lemma nonzero_minors_iff_lin_indep_fam_proj:
  fixes R :: "'n::{finite,linorder} reaction set"
  assumes I: "I \<in> no_outflow_d R" and len: "length rs = stoich_dim R"
  shows "detm (stoich_dim R) (Ymat_del rs I) * detm (stoich_dim R) (Gmat_del rs I) \<noteq> 0 \<longleftrightarrow>
    lin_indep_fam (map (\<lambda>r. rvec (fst r) - rvec (snd r)) (map (proj_reaction I) rs)) \<and>
    lin_indep_fam (map (\<lambda>r. rvec (fst r)) (map (proj_reaction I) rs))"
proof -
  have K: "card (UNIV - I) = stoich_dim R"
    using I card_UNIV_Diff_eq_stoich_dim_iff unfolding no_outflow_d_def by blast
  have Y: "rvec (fst (proj_reaction I r)) $ k = (if k \<in> I then 0 else rvec (fst r) $ k)"
    and \<Gamma>: "(rvec (fst (proj_reaction I r)) - rvec (snd (proj_reaction I r))) $ k =
       (if k \<in> I then 0 else (rvec (fst r) - rvec (snd r)) $ k)" for r k
    by (simp_all add: proj_reaction_def rvec_proj_complex)
  show ?thesis
    using lin_indep_fam_map_proj_iff[where h="\<lambda>r. rvec (fst r)", OF Y, of rs]
      lin_indep_fam_map_proj_iff[where h="\<lambda>r. rvec (fst r) - rvec (snd r)", OF \<Gamma>, of rs] len
    by (auto simp: detm_Ymat_del_neq_0_iff[OF K] detm_Gmat_del_neq_0_iff[OF K])
qed

lemma projected_reactions_lin_indep_fam:
  assumes indep: "lin_indep_fam (map (\<lambda>r. rvec (fst r) - rvec (snd r)) (map (proj_reaction I) rs))"
    and rs: "set rs \<subseteq> R"
  shows "distinct (map (proj_reaction I) rs)" "set (map (proj_reaction I) rs) \<subseteq> projected_reactions R I"
proof -
  let ?h = "\<lambda>r. rvec (fst r) - rvec (snd r)" and ?rs' = "map (proj_reaction I) rs"
  have dist: "distinct (map ?h ?rs')" and ind: "independent (set (map ?h ?rs'))"
    using indep unfolding lin_indep_fam_def by auto
  from dist have "distinct ?rs' \<and> inj_on ?h (set ?rs')" by (simp only: distinct_map)
  thus "distinct ?rs'" ..
  have nontrivial: "fst x \<noteq> snd x" if "x \<in> set ?rs'" for x
  proof
    assume "fst x = snd x"
    hence h0: "?h x = 0" by simp
    have "?h x \<in> set (map ?h ?rs')"
      by (simp only: list.set_map[of ?h ?rs']) (rule imageI[OF that])
    hence "0 \<in> set (map ?h ?rs')" unfolding h0 .
    from dependent_zero[OF this] ind show False by simp
  qed
  show "set ?rs' \<subseteq> projected_reactions R I"
  proof
    fix x assume x: "x \<in> set ?rs'"
    then obtain r where "r \<in> R" "x = proj_reaction I r" using rs by auto
    with nontrivial[OF x] show "x \<in> projected_reactions R I"
      unfolding projected_reactions_def proj_reaction_def by (cases r) auto
  qed
qed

*REQUIREMENT*. For each line of the entries that contains the word "distinct", make a copy.

*SOLUTION FOR THIS TASK*.
  shows "distinct (map (proj_reaction I) rs)" "set (map (proj_reaction I) rs) \<subseteq> projected_reactions R I"
  have dist: "distinct (map ?h ?rs')" and ind: "independent (set (map ?h ?rs'))"
  from dist have "distinct ?rs' \<and> inj_on ?h (set ?rs')" by (simp only: distinct_map)
  thus "distinct ?rs'" ..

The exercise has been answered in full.